Nations worldwide remain focused on stabilizing their domestic economies, and exports are rapidly being recognized as a means of boosting profitability. The Export-Import Bank of the United States recently revealed its contribution of over USD 1 billion to the United States Treasury’s general fund for the year 2013, making the bank a federal agency that generates substantial profits for taxpayers. In the wake of a disruptive government shutdown and insecurity over the federal debt ceiling, these export revenues facilitate greater confidence in the federal government, and its efforts to re-stabilize the economy.
Exports were credited for pulling Spain out of a recession that has lasted for two years, illustrating the value of exports for countries wishing to solidify economies destabilized by the 2008 financial crisis. Since the beginning of 2008, Spain’s economy has shrunk by 7.5 percent. However, exports in that same period have seen an increase of 14.6 percent and now encompass a third of total domestic output. Arcano economist Ignacio del Torre notes, “After recently implemented reforms, Spain has become an export powerhouse.” With this trend continuing – Spain saw a further increase of 6.6 percent from January to August, comparative to the same period in 2013 – the correlation between increased exports and a stronger economy becomes easily apparent. While stagnant unemployment levels of 26 percent still pose challenges to Spain’s economic recovery, the growing power of Spanish exports may provide a favorable catalyst for domestic growth.

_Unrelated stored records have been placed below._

lemma LSU11_iff: "LSU11 g \<longleftrightarrow> LSL g \<and> (\<forall>lam\<in>unit_circle. su11_shape (g lam))"
  unfolding LSU11_def
  by (metis (no_types, lifting) LSL_def unit_circle_reflect su11_shape_iff_sigma3_twisted_unitary)

lemma LSL_mult:
  assumes f: "LSL f" and g: "LSL g"
  shows "LSL (\<lambda>l. f l ** g l)"
  unfolding LSL_def
proof (intro conjI ballI)
  have "continuous_on unit_circle f" "continuous_on unit_circle g"
    using f g by (auto simp: LSL_def)
  then show "continuous_on unit_circle (\<lambda>l. f l ** g l)"
    unfolding matrix_mult_mat2_eq_chi
    by (intro continuous_intros continuous_on_component)
next
  fix lam assume l: "lam \<in> unit_circle"
  show "det (f lam ** g lam) = 1" using f g l by (simp add: det_mul LSL_def)
  have "f (- lam) ** g (- lam) = sigma3 ** f lam ** sigma3 ** (sigma3 ** g lam ** sigma3)"
    using f g l by (simp add: LSL_def)
  also have "\<dots> = sigma3 ** (f lam ** g lam) ** sigma3"
    by (simp add: matrix_mul_assoc[symmetric] sigma3_sigma3)
  finally show "f (- lam) ** g (- lam) = sigma3 ** (f lam ** g lam) ** sigma3" .
qed

lemma LSU11_mult: "LSU11 f \<Longrightarrow> LSU11 g \<Longrightarrow> LSU11 (\<lambda>l. f l ** g l)"
  by (simp add: LSU11_iff LSL_mult su11_shape_mult)

subsection \<open>Holomorphic functions on the closed disc with real boundary values\<close>

lemma holomorphic_real_on_sphere_const:
  fixes f :: "complex \<Rightarrow> complex"
  assumes cf: "continuous_on (cball 0 1) f" and hf: "f holomorphic_on ball 0 1"
    and re: "\<And>z. z \<in> sphere 0 1 \<Longrightarrow> f z \<in> \<real>" and z: "z \<in> cball 0 1"
  shows "f z = f 0"
proof -
  have im: "Im (f w) = 0" if w: "w \<in> ball 0 1" for w
  proof -
    have "Re (c * f w) \<le> 0" if "c = \<i> \<or> c = -\<i>" for c
      by (rule maximum_real_frontier[where f="\<lambda>z. c * f z" and S="ball 0 1"])
         (use cf hf re w that in \<open>auto intro!: holomorphic_intros continuous_intros
                                   simp: complex_is_Real_iff\<close>)
    from this[of \<i>] this[of "-\<i>"] show ?thesis by simp
  qed
  have "f constant_on ball 0 1"
  proof (rule ccontr)
    assume "\<not> f constant_on ball 0 1"
    then have "open (f ` ball 0 1)"
      by (intro open_mapping_thm[OF hf]) auto
    then obtain e where e: "e > 0" "ball (f 0) e \<subseteq> f ` ball 0 1"
      by (meson openE centre_in_ball imageI zero_less_one)
    have "f 0 + \<i> * of_real (e/2) \<in> ball (f 0) e"
      using e by (simp add: dist_norm norm_mult)
    then obtain w where w: "w \<in> ball 0 1" "f w = f 0 + \<i> * of_real (e/2)"
      using e(2) by (metis imageE subsetD)
    have "Im (f w) = e/2" unfolding w(2) using im[of 0] by simp
    with im[OF w(1)] e show False by simp
  qed
  then have "\<And>w. w \<in> ball 0 1 \<Longrightarrow> f w = f 0"
    unfolding constant_on_def by (metis centre_in_ball zero_less_one)
  moreover have "closure (ball (0::complex) 1) = cball 0 1" by simp
  ultimately show ?thesis
    using continuous_constant_on_closure[of "ball 0 1" f "f 0" z] cf z by metis
qed

lemma holomorphic_cnj_pair_on_sphere_const:
  fixes a d :: "complex \<Rightarrow> complex"
  assumes ca: "continuous_on (cball 0 1) a" and ha: "a holomorphic_on ball 0 1"
    and cd: "continuous_on (cball 0 1) d" and hd: "d holomorphic_on ball 0 1"
    and rel: "\<And>z. z \<in> sphere 0 1 \<Longrightarrow> d z = cnj (a z)" and z: "z \<in> sphere 0 1"
  shows "a z = a 0 \<and> d z = d 0"
proof -
  have sum: "a z + d z = a 0 + d 0"
    by (rule holomorphic_real_on_sphere_const[where f="\<lambda>w. a w + d w"])
       (use ca ha cd hd rel z in \<open>auto intro!: continuous_intros holomorphic_intros
                                   simp: complex_is_Real_iff\<close>)
  have "\<i> * (a z - d z) = \<i> * (a 0 - d 0)"
    by (rule holomorphic_real_on_sphere_const[where f="\<lambda>w. \<i> * (a w - d w)"])
       (use ca ha cd hd rel z in \<open>auto intro!: continuous_intros holomorphic_intros
                                   simp: complex_is_Real_iff\<close>)
  then have "a z - d z = a 0 - d 0" by simp
  with sum show ?thesis by algebra
qed

definition disc_holomorphic :: "(complex \<Rightarrow> mat2) \<Rightarrow> bool" where
  "disc_holomorphic h \<longleftrightarrow> (\<forall>i j. continuous_on (cball 0 1) (\<lambda>w. h w $ i $ j) \<and>
                                (\<lambda>w. h w $ i $ j) holomorphic_on ball 0 1)"

lemma plus_ext_disc_holomorphic: "plus_ext g h \<Longrightarrow> disc_holomorphic h"
  unfolding plus_ext_def disc_holomorphic_def by (auto intro!: continuous_on_component)

lemma disc_holomorphic_mult:
  "disc_holomorphic h \<Longrightarrow> disc_holomorphic k \<Longrightarrow> disc_holomorphic (\<lambda>w. h w ** k w)"
  unfolding disc_holomorphic_def matrix_mult_mat2_nth
  by (simp add: continuous_on_add continuous_on_mult holomorphic_on_add holomorphic_on_mult)

lemma disc_holomorphic_adjugate2:
  "disc_holomorphic h \<Longrightarrow> disc_holomorphic (\<lambda>w. adjugate2 (h w))"
  unfolding disc_holomorphic_def forall_2
  by (auto intro!: continuous_intros holomorphic_intros)

lemma disc_holomorphic_su11_shape_const:
  assumes Y: "disc_holomorphic Y"
    and su: "\<And>w. w \<in> sphere 0 1 \<Longrightarrow> su11_shape (Y w)" and z: "z \<in> sphere 0 1"
  shows "Y z = Y 0"
proof -
  note comp = Y[unfolded disc_holomorphic_def, rule_format]
  have "Y z $ 1 $ i = Y 0 $ 1 $ i \<and> Y z $ 2 $ (3 - i) = Y 0 $ 2 $ (3 - i)" if "i = 1 \<or> i = 2" for i
    by (rule holomorphic_cnj_pair_on_sphere_const[OF conjunct1[OF comp] conjunct2[OF comp]
          conjunct1[OF comp] conjunct2[OF comp] _ z])
       (use su that in \<open>auto simp: su11_shape_def\<close>)
  from this[of 1] this[of 2] show ?thesis by (simp add: mat2_eq_iff)
qed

Vietnam is also experiencing a steady increase in export profits; the Southeast Asian country is slated to generate USD 131 billion in exports by FYE13 – an unprecedented increase of 14 percent in this year alone. Largely fueled by an increase in processed electronic goods, the growth of Vietnamese exports is also credited for tripling the country’s GDP growth rate of 5.14 percent. Adam McCarty, an economist at Mekong Economics, states, “Export-oriented production is still going along well, particularly in electronics,” noting “It’s the state-owned enterprises and the banking sector that keep growth from returning to past levels.” For many countries worldwide, exports appear to be an invaluable support for still-recovering economies.
The value of exports to the domestic economy has not gone unnoticed by other nations worldwide; many countries, such as the Netherlands and Germany, are trying to expand and streamline their ability to export goods. The Netherlands’ export credit agency, Atradius, has recently broadened its export credit services to financial institutions outside of the Organization for Economic Co-operation and Development (OECD). Even Germany, widely recognized as deeply export-oriented, has been asked to streamline its current export credit agency administration, as multiple major exporters request the flexibility and efficiency to handle larger and more plentiful deals. CC Solutions understands the critical value of exports in restoring our global economy, and specializes in maximizing efficiency and financeable content in export loan transactions. We are dedicated to the optimization of export industries worldwide and welcome the positive effects of increased exports on domestic and international economies.
In Other ECA News:
The Export-Import Bank of China and Vnesheconombank, a Russian development bank, have signed a framework agreement for a USD 700 million credit facility to cultivate trade between the two nations.
Finnvera, Finland’s export credit agency, has extended a guarantee exceeding USD 950 million for a loan issued by Sberbank for the Tominskoe Porphyry Copper Deposit Development Project in Russia’s Chelyabinsk region.
The Export-Import Bank of Korea has guaranteed USD 117 million to Daewoo Engineering & Construction for the Akkas Gas Field project in Iraq. The guarantee will help construct a central processing facility.